PROBLEM> The answer must be every line of the records in which the string "papa" appears.

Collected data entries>
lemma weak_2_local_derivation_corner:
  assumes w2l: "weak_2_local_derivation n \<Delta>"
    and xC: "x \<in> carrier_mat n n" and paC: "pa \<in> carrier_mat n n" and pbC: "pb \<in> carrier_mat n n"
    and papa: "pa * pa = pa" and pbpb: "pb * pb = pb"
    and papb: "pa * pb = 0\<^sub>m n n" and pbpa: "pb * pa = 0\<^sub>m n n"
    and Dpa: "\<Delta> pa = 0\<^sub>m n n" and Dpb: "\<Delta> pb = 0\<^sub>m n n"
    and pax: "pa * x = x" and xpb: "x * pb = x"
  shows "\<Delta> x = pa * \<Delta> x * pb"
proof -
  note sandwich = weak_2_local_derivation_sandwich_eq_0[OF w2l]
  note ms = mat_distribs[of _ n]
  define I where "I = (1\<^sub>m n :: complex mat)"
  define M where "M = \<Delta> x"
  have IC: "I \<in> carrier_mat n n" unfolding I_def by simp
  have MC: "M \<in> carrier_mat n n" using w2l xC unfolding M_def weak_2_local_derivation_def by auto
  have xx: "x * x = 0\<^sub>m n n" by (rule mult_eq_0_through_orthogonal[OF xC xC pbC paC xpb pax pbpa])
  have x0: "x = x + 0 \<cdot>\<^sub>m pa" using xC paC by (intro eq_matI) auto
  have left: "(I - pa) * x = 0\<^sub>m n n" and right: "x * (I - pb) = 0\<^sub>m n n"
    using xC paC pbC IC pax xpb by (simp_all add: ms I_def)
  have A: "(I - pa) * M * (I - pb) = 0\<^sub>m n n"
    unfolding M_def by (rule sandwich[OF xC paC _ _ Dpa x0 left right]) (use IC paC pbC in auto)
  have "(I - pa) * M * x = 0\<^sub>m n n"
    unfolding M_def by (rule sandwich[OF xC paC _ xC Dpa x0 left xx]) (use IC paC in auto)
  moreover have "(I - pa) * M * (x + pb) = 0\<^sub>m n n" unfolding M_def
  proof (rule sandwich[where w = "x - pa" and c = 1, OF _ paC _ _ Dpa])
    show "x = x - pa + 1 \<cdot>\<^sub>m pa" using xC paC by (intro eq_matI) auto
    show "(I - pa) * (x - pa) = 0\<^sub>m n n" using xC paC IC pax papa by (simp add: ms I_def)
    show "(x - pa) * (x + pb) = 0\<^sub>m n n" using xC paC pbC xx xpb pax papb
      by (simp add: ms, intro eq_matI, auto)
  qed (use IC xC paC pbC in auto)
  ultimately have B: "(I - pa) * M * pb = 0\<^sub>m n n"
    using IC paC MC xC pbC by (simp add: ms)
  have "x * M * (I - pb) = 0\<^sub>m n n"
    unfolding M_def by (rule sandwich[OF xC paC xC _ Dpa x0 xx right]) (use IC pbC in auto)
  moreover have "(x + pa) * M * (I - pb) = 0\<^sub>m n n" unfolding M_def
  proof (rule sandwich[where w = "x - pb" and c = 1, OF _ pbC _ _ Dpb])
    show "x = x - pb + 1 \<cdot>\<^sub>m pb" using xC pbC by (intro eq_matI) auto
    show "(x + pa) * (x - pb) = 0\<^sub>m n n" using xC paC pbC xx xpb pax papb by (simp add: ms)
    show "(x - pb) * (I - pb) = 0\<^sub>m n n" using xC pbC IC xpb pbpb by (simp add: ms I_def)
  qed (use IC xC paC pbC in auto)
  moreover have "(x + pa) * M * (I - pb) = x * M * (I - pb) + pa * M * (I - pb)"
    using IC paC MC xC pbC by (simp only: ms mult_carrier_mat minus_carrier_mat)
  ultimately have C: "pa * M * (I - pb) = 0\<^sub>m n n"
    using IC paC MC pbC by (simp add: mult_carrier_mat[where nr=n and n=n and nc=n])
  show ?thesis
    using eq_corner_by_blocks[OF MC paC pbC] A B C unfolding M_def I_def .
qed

RESPONSE BELOW>
    and papa: "pa * pa = pa" and pbpb: "pb * pb = pb"
    show "(I - pa) * (x - pa) = 0\<^sub>m n n" using xC paC IC pax papa by (simp add: ms I_def)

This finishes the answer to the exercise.